For some, the ideal picture of a modern application is a collection of microservices that stand alone. This perfect design isolates each service with a unique set of messages and operations.
They have a discrete code base, an independent release schedule, and no overlapping dependencies.
As far as I know, this platonic ideal of a system is rare, if it exists at all. It might seem ideal from an architectural perspective, but clients might not feel that way.
There’s no guarantee that an application made up of independently developed services will share a cohesive API.
Regardless of how you think about microservices vs. SOA, services should share a standard grammar, and microservices communication is not always a design flaw. The fact is, in most systems, you need to share data to a certain degree.
For example, in an online store, billing and authentication services need user profile data. The order entry and portfolio services in an online trading system both need market data.
Without some degree of sharing, you end up duplicating data and effort. This creates a risk of race conditions and data consistency issues.
In this post, I’ll talk about microservices communications and how letting your services talk to each other can lead to a more robust architecture. I’ll cover some of the critical advantages of creating a shared communications protocol and shared data sources.
Then, I’ll discuss the most common patterns for exchanging data between microservices, and how to make sure that letting your services talk to each other doesn’t lead to unforeseen problems.
What Is Microservices Communication?
Microservices communication is a mechanism for services to communicate with each other, rather than restricting them to communicating with clients and data stores and data sources.
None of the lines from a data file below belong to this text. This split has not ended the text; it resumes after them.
lemma positive_definite_inv_impactG:
  assumes "0 < \<alpha>" "0 \<le> \<beta>"
  shows "positive_definite (inv_impactG psi_id psi_f W \<alpha> \<beta>)"
  unfolding positive_definite_def
proof (intro conjI allI impI transpose_inv_impactG)
  fix x :: "real ^ 'n" assume "x \<noteq> 0"
  then have "0 < \<alpha> * (x \<bullet> (diag_mat psi_id *v x))"
    using positive_definite_id assms(1) by (simp add: positive_definite_def)
  moreover have "0 \<le> \<beta> * ((transpose W *v x) \<bullet> (diag_mat psi_f *v (transpose W *v x)))"
    using positive_definite_nonneg[OF positive_definite_f] assms(2) by simp
  ultimately show "0 < x \<bullet> (inv_impactG psi_id psi_f W \<alpha> \<beta> *v x)"
    unfolding inner_inv_impactG by linarith
qed

lemma inner_impactG_le_id:
  assumes "0 < \<alpha>" "0 \<le> \<beta>"
  shows "v \<bullet> (impactG psi_id psi_f W \<alpha> \<beta> *v v) \<le> v \<bullet> (matrix_inv (diag_mat psi_id) *v v) / \<alpha>"
  unfolding impactG_eq_matrix_inv
proof (rule inner_matrix_inv_le[OF positive_definite_inv_impactG[OF assms]])
  fix x
  have "0 \<le> \<beta> * ((transpose W *v x) \<bullet> (diag_mat psi_f *v (transpose W *v x)))"
    using positive_definite_nonneg[OF positive_definite_f] assms(2) by simp
  then have "2 * (v \<bullet> x) - x \<bullet> (inv_impactG psi_id psi_f W \<alpha> \<beta> *v x)
      \<le> 2 * (v \<bullet> x) - \<alpha> * (x \<bullet> (diag_mat psi_id *v x))"
    unfolding inner_inv_impactG by linarith
  also have "\<dots> \<le> v \<bullet> (matrix_inv (diag_mat psi_id) *v v) / \<alpha>"
    using positive_definite_id assms(1) by (rule inner_matrix_inv_ge_scaled)
  finally show "2 * (v \<bullet> x) - x \<bullet> (inv_impactG psi_id psi_f W \<alpha> \<beta> *v x)
      \<le> v \<bullet> (matrix_inv (diag_mat psi_id) *v v) / \<alpha>" .
qed

lemma inner_impactG_ge_id:
  fixes v :: "real ^ 'n"
  assumes "0 < \<alpha>" "0 \<le> \<beta>"
  defines "x \<equiv> matrix_inv (diag_mat psi_id) *v v"
  shows "(2 - \<alpha>) * (v \<bullet> x) - \<beta> * ((transpose W *v x) \<bullet> (diag_mat psi_f *v (transpose W *v x)))
    \<le> v \<bullet> (impactG psi_id psi_f W \<alpha> \<beta> *v v)"
proof -
  have "x \<bullet> (diag_mat psi_id *v x) = v \<bullet> x"
    unfolding x_def by (simp add: positive_definite_matrix_inv_cancel[OF positive_definite_id] inner_commute)
  then show ?thesis
    using inner_matrix_inv_ge[OF positive_definite_inv_impactG[OF assms(1,2)], of v x]
    by (simp add: impactG_eq_matrix_inv inner_inv_impactG algebra_simps)
qed

lemma inner_impactG_le_span:
  assumes "0 < \<alpha>" "0 < \<beta>"
  shows "(W *v u) \<bullet> (impactG psi_id psi_f W \<alpha> \<beta> *v (W *v u))
    \<le> u \<bullet> (matrix_inv (diag_mat psi_f) *v u) / \<beta>"
  unfolding impactG_eq_matrix_inv
proof (rule inner_matrix_inv_le[OF positive_definite_inv_impactG[OF assms(1) less_imp_le[OF assms(2)]]])
  fix x
  have "0 \<le> \<alpha> * (x \<bullet> (diag_mat psi_id *v x))"
    using positive_definite_nonneg[OF positive_definite_id] assms(1) by simp
  moreover have "(W *v u) \<bullet> x = u \<bullet> (transpose W *v x)"
    by (metis inner_commute inner_matrix_vector_transpose)
  ultimately have "2 * ((W *v u) \<bullet> x) - x \<bullet> (inv_impactG psi_id psi_f W \<alpha> \<beta> *v x)
      \<le> 2 * (u \<bullet> (transpose W *v x))
        - \<beta> * ((transpose W *v x) \<bullet> (diag_mat psi_f *v (transpose W *v x)))"
    unfolding inner_inv_impactG by linarith
  also have "\<dots> \<le> u \<bullet> (matrix_inv (diag_mat psi_f) *v u) / \<beta>"
    using positive_definite_f assms(2) by (rule inner_matrix_inv_ge_scaled)
  finally show "2 * ((W *v u) \<bullet> x) - x \<bullet> (inv_impactG psi_id psi_f W \<alpha> \<beta> *v x)
      \<le> u \<bullet> (matrix_inv (diag_mat psi_f) *v u) / \<beta>" .
qed

lemma inner_impactG_ge_span:
  assumes "0 < \<alpha>" "0 \<le> \<beta>" and x: "transpose W *v x = matrix_inv (diag_mat psi_f) *v u"
  shows "(2 - \<beta>) * (u \<bullet> (matrix_inv (diag_mat psi_f) *v u)) - \<alpha> * (x \<bullet> (diag_mat psi_id *v x))
    \<le> (W *v u) \<bullet> (impactG psi_id psi_f W \<alpha> \<beta> *v (W *v u))"
proof -
  have "(W *v u) \<bullet> x = u \<bullet> (matrix_inv (diag_mat psi_f) *v u)"
    by (metis inner_commute inner_matrix_vector_transpose x)
  moreover have "(transpose W *v x) \<bullet> (diag_mat psi_f *v (transpose W *v x))
      = u \<bullet> (matrix_inv (diag_mat psi_f) *v u)"
    unfolding x by (simp add: positive_definite_matrix_inv_cancel[OF positive_definite_f] inner_commute)
  ultimately show ?thesis
    using inner_matrix_inv_ge[OF positive_definite_inv_impactG[OF assms(1,2)], of "W *v u" x]
    by (simp add: impactG_eq_matrix_inv inner_inv_impactG algebra_simps)
qed

lemma inner_impactG_ge_kernel:
  assumes "0 < \<alpha>" "0 \<le> \<beta>" and z: "transpose W *v z = 0" "z \<noteq> 0"
  shows "(v \<bullet> z)\<^sup>2 / (z \<bullet> (diag_mat psi_id *v z)) / \<alpha> \<le> v \<bullet> (impactG psi_id psi_f W \<alpha> \<beta> *v v)"
proof -
  define p where "p = z \<bullet> (diag_mat psi_id *v z)"
  have "0 < p"
    using positive_definite_id z(2) unfolding p_def positive_definite_def by blast
  have zMz: "z \<bullet> (inv_impactG psi_id psi_f W \<alpha> \<beta> *v z) = \<alpha> * p"
    unfolding inner_inv_impactG z(1) p_def by simp
  define t where "t = (v \<bullet> z) / (\<alpha> * p)"
  have "2 * (v \<bullet> (t *\<^sub>R z)) - (t *\<^sub>R z) \<bullet> (inv_impactG psi_id psi_f W \<alpha> \<beta> *v (t *\<^sub>R z))
      = 2 * t * (v \<bullet> z) - \<alpha> * t\<^sup>2 * p"
    by (simp add: matrix_vector_mult_scaleR zMz power2_eq_square)
  also have "\<dots> = (v \<bullet> z)\<^sup>2 / p / \<alpha>"
    using \<open>0 < p\<close> assms(1) by (simp add: t_def field_simps power2_eq_square)
  finally show ?thesis
    using inner_matrix_inv_ge[OF positive_definite_inv_impactG[OF assms(1,2)], of v "t *\<^sub>R z"]
    by (simp add: impactG_eq_matrix_inv p_def)
qed

lemma Cbar_tendsto_id:
  assumes S: "S \<subseteq> {0<..} \<times> {0<..}"
  shows "((\<lambda>(\<alpha>, \<beta>). Cbar psi_id psi_f W \<alpha> \<beta> v) \<longlongrightarrow>
      1/2 * (v \<bullet> (matrix_inv (diag_mat psi_id) *v v))) (at (1, 0) within S)"
proof -
  define x where "x = matrix_inv (diag_mat psi_id) *v v"
  have "((\<lambda>p. v \<bullet> (impactG psi_id psi_f W (fst p) (snd p) *v v)) \<longlongrightarrow> v \<bullet> x) (at (1, 0) within S)"
  proof (rule tendsto_sandwich_reciprocal
      [where e = "(transpose W *v x) \<bullet> (diag_mat psi_f *v (transpose W *v x))"])
    show "(fst \<longlongrightarrow> 1) (at (1, 0) within S)" "(snd \<longlongrightarrow> 0) (at (1, 0) within S)"
      using tendsto_fst[OF tendsto_ident_at] tendsto_snd[OF tendsto_ident_at] by fastforce+
    show "eventually (\<lambda>p. (2 - fst p) * (v \<bullet> x)
          - snd p * ((transpose W *v x) \<bullet> (diag_mat psi_f *v (transpose W *v x)))
        \<le> v \<bullet> (impactG psi_id psi_f W (fst p) (snd p) *v v)
      \<and> v \<bullet> (impactG psi_id psi_f W (fst p) (snd p) *v v) \<le> v \<bullet> x / fst p) (at (1, 0) within S)"
      using eventually_at_within_positive_quadrant[OF S]
    proof eventually_elim
      case (elim p)
      then show ?case
        using inner_impactG_ge_id[of "fst p" "snd p" v] inner_impactG_le_id[of "fst p" "snd p" v]
        by (simp add: x_def)
    qed
  qed
  then show ?thesis
    unfolding Cbar_def x_def case_prod_unfold by (rule tendsto_mult_left)
qed

lemma Cbar_filterlim_at_top:
  assumes S: "S \<subseteq> {0<..} \<times> {0<..}" and v: "v \<notin> span (columns W)"
  shows "filterlim (\<lambda>(\<alpha>, \<beta>). Cbar psi_id psi_f W \<alpha> \<beta> v) at_top (at (0, 1) within S)"
proof -
  obtain z where z: "transpose W *v z = 0" "v \<bullet> z \<noteq> 0"
    using not_in_span_columns_orthogonal[OF v] .
  then have "z \<noteq> 0"
    by auto
  define \<kappa> where "\<kappa> = (v \<bullet> z)\<^sup>2 / (z \<bullet> (diag_mat psi_id *v z))"
  have "0 < z \<bullet> (diag_mat psi_id *v z)"
    using positive_definite_id \<open>z \<noteq> 0\<close> unfolding positive_definite_def by blast
  with z(2) have "0 < \<kappa> / 2"
    by (simp add: \<kappa>_def)
  have "filterlim (\<lambda>p. \<kappa> / 2 * inverse (fst p)) at_top (at (0, 1) within S)"
  proof (rule filterlim_tendsto_pos_mult_at_top[OF tendsto_const \<open>0 < \<kappa> / 2\<close> filterlim_inverse_at_top])
    show "(fst \<longlongrightarrow> 0) (at (0, 1) within S)"
      using tendsto_fst[OF tendsto_ident_at, of "(0, 1)" S] by simp
    show "eventually (\<lambda>p. 0 < fst p) (at (0, 1) within S)"
      using eventually_at_within_positive_quadrant[OF S] by (rule eventually_mono) simp
  qed
  moreover have "eventually (\<lambda>p. \<kappa> / 2 * inverse (fst p) \<le> (\<lambda>(\<alpha>, \<beta>). Cbar psi_id psi_f W \<alpha> \<beta> v) p)
      (at (0, 1) within S)"
    using eventually_at_within_positive_quadrant[OF S]
  proof eventually_elim
    case (elim p)
    then have "\<kappa> / fst p \<le> v \<bullet> (impactG psi_id psi_f W (fst p) (snd p) *v v)"
      unfolding \<kappa>_def using inner_impactG_ge_kernel[OF _ _ z(1) \<open>z \<noteq> 0\<close>] by simp
    moreover have "(\<lambda>(\<alpha>, \<beta>). Cbar psi_id psi_f W \<alpha> \<beta> v) p
        = 1/2 * (v \<bullet> (impactG psi_id psi_f W (fst p) (snd p) *v v))"
      by (simp add: Cbar_def case_prod_unfold)
    ultimately show ?case
      by (simp add: inverse_eq_divide)
  qed
  ultimately show ?thesis
    by (rule filterlim_at_top_mono)
qed

lemma Cbar_tendsto_span:
  assumes S: "S \<subseteq> {0<..} \<times> {0<..}" and W: "lin_indep_columns W"
  shows "((\<lambda>(\<alpha>, \<beta>). Cbar psi_id psi_f W \<alpha> \<beta> (W *v u)) \<longlongrightarrow>
      1/2 * (u \<bullet> (matrix_inv (diag_mat psi_f) *v u))) (at (0, 1) within S)"
proof -
  obtain x where x: "transpose W *v x = matrix_inv (diag_mat psi_f) *v u"
    using lin_indep_columns_transpose_surj[OF W] .
  let ?c = "u \<bullet> (matrix_inv (diag_mat psi_f) *v u)"
  have "((\<lambda>p. (W *v u) \<bullet> (impactG psi_id psi_f W (fst p) (snd p) *v (W *v u))) \<longlongrightarrow> ?c)
      (at (0, 1) within S)"
  proof (rule tendsto_sandwich_reciprocal[where e = "x \<bullet> (diag_mat psi_id *v x)"])
    show "(snd \<longlongrightarrow> 1) (at (0, 1) within S)" "(fst \<longlongrightarrow> 0) (at (0, 1) within S)"
      using tendsto_fst[OF tendsto_ident_at] tendsto_snd[OF tendsto_ident_at] by fastforce+
    show "eventually (\<lambda>p. (2 - snd p) * ?c - fst p * (x \<bullet> (diag_mat psi_id *v x))
        \<le> (W *v u) \<bullet> (impactG psi_id psi_f W (fst p) (snd p) *v (W *v u))
      \<and> (W *v u) \<bullet> (impactG psi_id psi_f W (fst p) (snd p) *v (W *v u)) \<le> ?c / snd p)
      (at (0, 1) within S)"
      using eventually_at_within_positive_quadrant[OF S]
    proof eventually_elim
      case (elim p)
      then show ?case
        using inner_impactG_ge_span[of "fst p" "snd p" x u] inner_impactG_le_span[of "fst p" "snd p" u] x
        by simp
    qed
  qed
  then show ?thesis
    unfolding Cbar_def case_prod_unfold by (rule tendsto_mult_left)
qed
This communication can happen over many different mechanisms, but you can group them into a few broad categories:
- Using messaging to exchange lightweight data structures, often via a message broker that manages sessions and data queues.
- Via a shared data store, where the service might not communicate directly, but share a common source of information.
- Exchanging RESTful data, similar to the way they communicate with clients.
Microservices Communications Benefits
What are the advantages of enabling communication between your microservices? Let’s go over a few before we delve into different mechanisms in detail.
Enterprise systems tend to use a great deal of common data. For example, in the online store mentioned above, the billing and authentication systems need to share information about clients.
But that’s only the beginning.
User profile information might also extend to order entry, website preferences, and email marketing. Inventory data is needed by at least a few different systems, too.
Each service needs a common way to represent this shared data.
Users need a unique identifier, and if one system relies on unique email addresses while another uses first name and last name, problems will eventually arise. Shared communications make it possible to specify a single source-of-truth for shared information.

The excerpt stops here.